Tuesday, May 31, 2011

Honours Half Way House work







These are some shots of my work hanging in Halfway House courtesy of Kristone, a fellow Honour's exhibiter and charcoal wielder.  The works themselves are drawings made of charcoal and other dry media on primed zinc plate.  I've burnished and filed down some edges so you can see the metal peeking through the metal primer and the gesso but its pretty subtle.  


The works were pretty hard to deal with due to their size, none of them bigger than 8cm or so, but it was the shelves that were truly torturous.  Finding right angled wood that I could purchase straight from a hardware store turned out to be much harder than anticipated.  So I'm very glad I got the time to run through it madly when setting up for the Jenny Birt exhibition two weeks prior.  
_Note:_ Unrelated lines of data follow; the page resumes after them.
(* Let $G$ be a finite group and let $M,N$ be normal subgroups of $G$ with $1\neq M<N$. The following are equivalent: (1) every $g\in G\setminus N$ is conjugate in $G$ to every element of $gM$; (2) $|C_G(g)|=|C_{G/M}(Mg)|$ for every $g\in G\setminus N$; (3) for every $g\in G\setminus N$ we have $\chi(g)=0$ for all $\chi\in\mathrm{Irr}(G\mid M)$; (4) $V(G\mid M)\le N$; (5) for all $g\in G\setminus N$ and all $z\in M$ there exists $y\in G$ with $[g,y]=z$.
   Context: $\mathrm{Irr}(G)$ denotes the set of complex irreducible characters of $G$, and $\mathrm{Irr}(G\mid M)=\{\chi\in\mathrm{Irr}(G)\mid M\not\le\ker\chi\}$. The vanishing-off subgroup $V(G\mid M)$ is the subgroup of $G$ generated by all elements $g\in G$ such that $\chi(g)\neq 0$ for some $\chi\in\mathrm{Irr}(G\mid M)$. The commutator is $[g,y]=g^{-1}y^{-1}gy$. *)

theory Defs
  imports "HOL-Algebra.Algebra" "Jordan_Normal_Form.Matrix"
begin

definition centralizer_of :: "('a, 'b) monoid_scheme \<Rightarrow> 'a \<Rightarrow> 'a set" where
  "centralizer_of G g = {x \<in> carrier G. x \<otimes>\<^bsub>G\<^esub> g = g \<otimes>\<^bsub>G\<^esub> x}"

definition is_rep :: "('a, 'b) monoid_scheme \<Rightarrow> nat \<Rightarrow> ('a \<Rightarrow> complex mat) \<Rightarrow> bool" where
  "is_rep G n \<rho> \<longleftrightarrow>
     (\<forall>g \<in> carrier G. \<rho> g \<in> carrier_mat n n) \<and>
     (\<forall>g \<in> carrier G. \<forall>h \<in> carrier G. \<rho> (g \<otimes>\<^bsub>G\<^esub> h) = \<rho> g * \<rho> h) \<and>
     \<rho> \<one>\<^bsub>G\<^esub> = 1\<^sub>m n"

definition invariant_subspace :: "('a, 'b) monoid_scheme \<Rightarrow> nat \<Rightarrow> ('a \<Rightarrow> complex mat) \<Rightarrow> complex vec set \<Rightarrow> bool" where
  "invariant_subspace G n \<rho> W \<longleftrightarrow>
     W \<subseteq> carrier_vec n \<and> 0\<^sub>v n \<in> W \<and>
     (\<forall>v \<in> W. \<forall>w \<in> W. v + w \<in> W) \<and>
     (\<forall>c::complex. \<forall>v \<in> W. c \<cdot>\<^sub>v v \<in> W) \<and>
     (\<forall>g \<in> carrier G. \<forall>v \<in> W. \<rho> g *\<^sub>v v \<in> W)"

definition irreducible_rep :: "('a, 'b) monoid_scheme \<Rightarrow> nat \<Rightarrow> ('a \<Rightarrow> complex mat) \<Rightarrow> bool" where
  "irreducible_rep G n \<rho> \<longleftrightarrow> is_rep G n \<rho> \<and> n > 0 \<and>
     (\<forall>W. invariant_subspace G n \<rho> W \<longrightarrow> W = {0\<^sub>v n} \<or> W = carrier_vec n)"

definition mat_trace :: "complex mat \<Rightarrow> complex" where
  "mat_trace A = (\<Sum>i<dim_row A. A $$ (i, i))"

definition Irr :: "('a, 'b) monoid_scheme \<Rightarrow> ('a \<Rightarrow> complex) set" where
  "Irr G = {\<chi>. \<exists>n \<rho>. irreducible_rep G n \<rho> \<and>
               \<chi> = (\<lambda>g. if g \<in> carrier G then mat_trace (\<rho> g) else 0)}"

definition char_ker :: "('a, 'b) monoid_scheme \<Rightarrow> ('a \<Rightarrow> complex) \<Rightarrow> 'a set" where
  "char_ker G \<chi> = {g \<in> carrier G. \<chi> g = \<chi> \<one>\<^bsub>G\<^esub>}"

definition Irr_rel :: "('a, 'b) monoid_scheme \<Rightarrow> 'a set \<Rightarrow> ('a \<Rightarrow> complex) set" where
  "Irr_rel G M = {\<chi> \<in> Irr G. \<not> M \<subseteq> char_ker G \<chi>}"

definition vanishing_off :: "('a, 'b) monoid_scheme \<Rightarrow> 'a set \<Rightarrow> 'a set" where
  "vanishing_off G M = generate G {g \<in> carrier G. \<exists>\<chi> \<in> Irr_rel G M. \<chi> g \<noteq> 0}"

definition commutator_el :: "('a, 'b) monoid_scheme \<Rightarrow> 'a \<Rightarrow> 'a \<Rightarrow> 'a" where
  "commutator_el G g y = inv\<^bsub>G\<^esub> g \<otimes>\<^bsub>G\<^esub> inv\<^bsub>G\<^esub> y \<otimes>\<^bsub>G\<^esub> g \<otimes>\<^bsub>G\<^esub> y"

end

theory Submission
  imports Defs "Jordan_Normal_Form.Spectral_Radius"
begin

text \<open>
  The map \<open>y \<mapsto> y\<inverse> g y\<close> sends the preimage \<open>H\<close> of
  \<open>C\<^bsub>G/M\<^esub>(Mg)\<close> onto \<open>g\<^sup>G \<inter> gM\<close>, with the cosets of \<open>C\<^bsub>G\<^esub>(g)\<close> as fibres, while
  \<open>|H| = |M| |C\<^bsub>G/M\<^esub>(Mg)|\<close>; hence \<open>gM \<subseteq> g\<^sup>G\<close> iff \<open>|C\<^bsub>G\<^esub>(g)| = |C\<^bsub>G/M\<^esub>(Mg)|\<close>.
  Condition (5) is (1) rewritten through \<open>y\<inverse> g y = g [g, y]\<close>, and (4) is (3) restated.

  For an irreducible representation \<open>R\<close>, Schur's lemma makes \<open>\<Sum>\<^sub>z\<^sub>\<in>\<^sub>M R(z)\<close> a scalar, so either
  \<open>M\<close> acts trivially or this sum vanishes, the latter exactly when the character lies in \<open>Irr(G|M)\<close>.
  Under (1) each \<open>gz\<close> with \<open>z \<in> M\<close> is conjugate to \<open>g\<close>, so \<open>|M| \<chi>(g) = tr(R(g) \<Sum>\<^sub>z\<^sub>\<in>\<^sub>M R(z)) = 0\<close>.
  Conversely, under (3) every irreducible character takes the same value at \<open>g\<close> and at each
  \<open>h \<in> gM\<close>, and irreducible characters separate conjugacy classes. The separation is proved from
  scratch: class sums act as scalars on irreducible representations, a linear relation among the
  irreducible characters extends to all characters because characters are additive along invariant
  subspaces, and the character of the regular representation vanishes off the identity.
\<close>

section \<open>Matrices and traces\<close>

lemma carrier_vec_0_eq: "(v :: 'x :: zero vec) \<in> carrier_vec 0 \<Longrightarrow> v = 0\<^sub>v 0"
  by (intro eq_vecI) auto

lemma mult_mat_vec_zero: "A \<in> carrier_mat k n \<Longrightarrow> A *\<^sub>v 0\<^sub>v n = (0\<^sub>v k :: 'x :: semiring_0 vec)"
  by (intro eq_vecI) (auto simp: scalar_prod_def)

lemma eq_matI_mult_vec:
  fixes A B :: "'x :: comm_ring_1 mat"
  assumes A: "A \<in> carrier_mat n m" and B: "B \<in> carrier_mat n m"
    and eq: "\<And>x. x \<in> carrier_vec m \<Longrightarrow> A *\<^sub>v x = B *\<^sub>v x"
  shows "A = B"
proof (rule eq_matI)
  fix i j assume i: "i < dim_row B" and j: "j < dim_col B"
  have "A $$ (i, j) = (A *\<^sub>v unit_vec m j) $ i"
    using A B i j by (simp add: scalar_prod_def unit_vec_def
        sum.cong[OF refl, of _ "\<lambda>k. if k = j then A $$ (i, k) else 0"] if_distrib cong: if_cong)
  also have "\<dots> = (B *\<^sub>v unit_vec m j) $ i" using eq[of "unit_vec m j"] by simp
  also have "\<dots> = B $$ (i, j)"
    using B i j by (simp add: scalar_prod_def unit_vec_def
        sum.cong[OF refl, of _ "\<lambda>k. if k = j then B $$ (i, k) else 0"] if_distrib cong: if_cong)
  finally show "A $$ (i, j) = B $$ (i, j)" .
qed (use A B in auto)

lemma smult_one_mat_mult_vec: "(x :: complex vec) \<in> carrier_vec n \<Longrightarrow> (a \<cdot>\<^sub>m 1\<^sub>m n) *\<^sub>v x = a \<cdot>\<^sub>v x"
proof (rule eq_vecI)
  fix i assume x: "x \<in> carrier_vec n" and "i < dim_vec (a \<cdot>\<^sub>v x)"
  then have i: "i < n" by simp
  have "((a \<cdot>\<^sub>m 1\<^sub>m n) *\<^sub>v x) $ i = (\<Sum>j\<in>{0..<n}. a * (if j = i then 1 else 0) * x $ j)"
    using i x by (simp add: scalar_prod_def)
  also have "\<dots> = (\<Sum>j\<in>{0..<n}. if j = i then a * x $ j else 0)"
    by (rule sum.cong) auto
  finally
  show "((a \<cdot>\<^sub>m 1\<^sub>m n) *\<^sub>v x) $ i = (a \<cdot>\<^sub>v x) $ i" using i x by simp
qed simp

lemma mult3_mat_vec:
  assumes "A \<in> carrier_mat n1 n2" "B \<in> carrier_mat n2 n3" "C \<in> carrier_mat n3 n4" "v \<in> carrier_vec n4"
  shows "(A * B * C) *\<^sub>v v = A *\<^sub>v (B *\<^sub>v (C *\<^sub>v (v :: 'x :: comm_ring_1 vec)))"
proof -
  have "(A * B * C) *\<^sub>v v = (A * B) *\<^sub>v (C *\<^sub>v v)" using assms by (intro assoc_mult_mat_vec) auto
  also have "\<dots> = A *\<^sub>v (B *\<^sub>v (C *\<^sub>v v))" using assms by (intro assoc_mult_mat_vec) auto
  finally show ?thesis .
qed

lemma mat_trace_mult_comm:
  fixes A B :: "complex mat"
  assumes A: "A \<in> carrier_mat n m" and B: "B \<in> carrier_mat m n"
  shows "mat_trace (A * B) = mat_trace (B * A)"
proof -
  have "mat_trace (A * B) = (\<Sum>i<n. \<Sum>j<m. A $$ (i, j) * B $$ (j, i))"
    using A B by (simp add: mat_trace_def scalar_prod_def atLeast0LessThan)
  also have "\<dots> = (\<Sum>j<m. \<Sum>i<n. B $$ (j, i) * A $$ (i, j))"
    by (subst sum.swap) (simp add: mult.commute)
  also have "\<dots> = mat_trace (B * A)"
    using A B by (simp add: mat_trace_def scalar_prod_def atLeast0LessThan)
  finally show ?thesis .
qed

lemma mat_trace_add:
  "A \<in> carrier_mat n n \<Longrightarrow> B \<in> carrier_mat n n \<Longrightarrow> mat_trace (A + B) = mat_trace A + mat_trace B"
  by (simp add: mat_trace_def sum.distrib)

lemma mat_trace_one: "mat_trace (1\<^sub>m n) = of_nat n"
  by (simp add: mat_trace_def)

lemma mat_trace_smult: "A \<in> carrier_mat n n \<Longrightarrow> mat_trace (c \<cdot>\<^sub>m A) = c * mat_trace A"
  by (simp add: mat_trace_def sum_distrib_left)

lemma mat_trace_resolution:
  assumes B: "B \<in> carrier_mat k j" and C: "C \<in> carrier_mat j k"
    and B': "B' \<in> carrier_mat k j'" and D: "D \<in> carrier_mat j' k" and A: "A \<in> carrier_mat k k"
    and resolution: "B * C + B' * D = 1\<^sub>m k"
  shows "mat_trace A = mat_trace (C * A * B) + mat_trace (D * A * B')"
proof -
  have "mat_trace A = mat_trace ((B * C + B' * D) * A)" using A by (simp add: resolution)
  also have "\<dots> = mat_trace (B * (C * A)) + mat_trace (B' * (D * A))"
    using B C B' D A by (simp add: add_mult_distrib_mat[of _ k k] mat_trace_add[of _ k])
  also have "\<dots> = mat_trace (C * A * B) + mat_trace (D * A * B')"
    using B C B' D A by (simp add: mat_trace_mult_comm[of B k j] mat_trace_mult_comm[of B' k j'])
  finally show ?thesis .
qed

text \<open>Matrices of varying dimension form no monoid, so sums of matrices are taken entrywise.\<close>

definition mat_sum :: "nat \<Rightarrow> 'x set \<Rightarrow> ('x \<Rightarrow> complex mat) \<Rightarrow> complex mat" where
  "mat_sum n S f = mat n n (\<lambda>(i, j). \<Sum>x \<in> S. f x $$ (i, j))"

lemma mat_sum_carrier [simp]: "mat_sum n S f \<in> carrier_mat n n"
  by (simp add: mat_sum_def)

lemma mult_mat_sum_left:
  assumes A: "A \<in> carrier_mat n n" and f: "\<And>x. x \<in> S \<Longrightarrow> f x \<in> carrier_mat n n"
  shows "A * mat_sum n S f = mat_sum n S (\<lambda>x. A * f x)"
proof (rule eq_matI)
  fix i j assume "i < dim_row (mat_sum n S (\<lambda>x. A * f x))" "j < dim_col (mat_sum n S (\<lambda>x. A * f x))"
  then have i: "i < n" and j: "j < n" by (auto simp: mat_sum_def)
  have "(A * mat_sum n S f) $$ (i, j) = (\<Sum>l \<in> {0..<n}. A $$ (i, l) * (\<Sum>x \<in> S. f x $$ (l, j)))"
    using i j A by (simp add: mat_sum_def scalar_prod_def)
  also have "\<dots> = (\<Sum>x \<in> S. \<Sum>l \<in> {0..<n}. A $$ (i, l) * f x $$ (l, j))"
    by (simp add: sum_distrib_left) (rule sum.swap)
  also have "\<dots> = mat_sum n S (\<lambda>x. A * f x) $$ (i, j)"
    using i j A by (auto simp: mat_sum_def scalar_prod_def dest!: f intro!: sum.cong)
  finally show "(A * mat_sum n S f) $$ (i, j) = mat_sum n S (\<lambda>x. A * f x) $$ (i, j)" .
qed (use A in \<open>auto simp: mat_sum_def\<close>)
There are some things you can only learn about your work when installing it.  Since I needed to prime the metal, the zinc sheets could and often did pass as paper.  Me and my Honour's Supervisor agreed that if treated like an object viewers would realize it wasn't paper.  So putting it on a plinth or on a shelf rather than straight onto the wall was an important consideration on how the work would be received.  Unfortunately during the Jenny Birt show I realized my work looks terrible on a plinth.  Just one of those things which isn't obvious until its too late.  Thankfully though it left me with enough knowledge on how to tackle the hanging at the next show.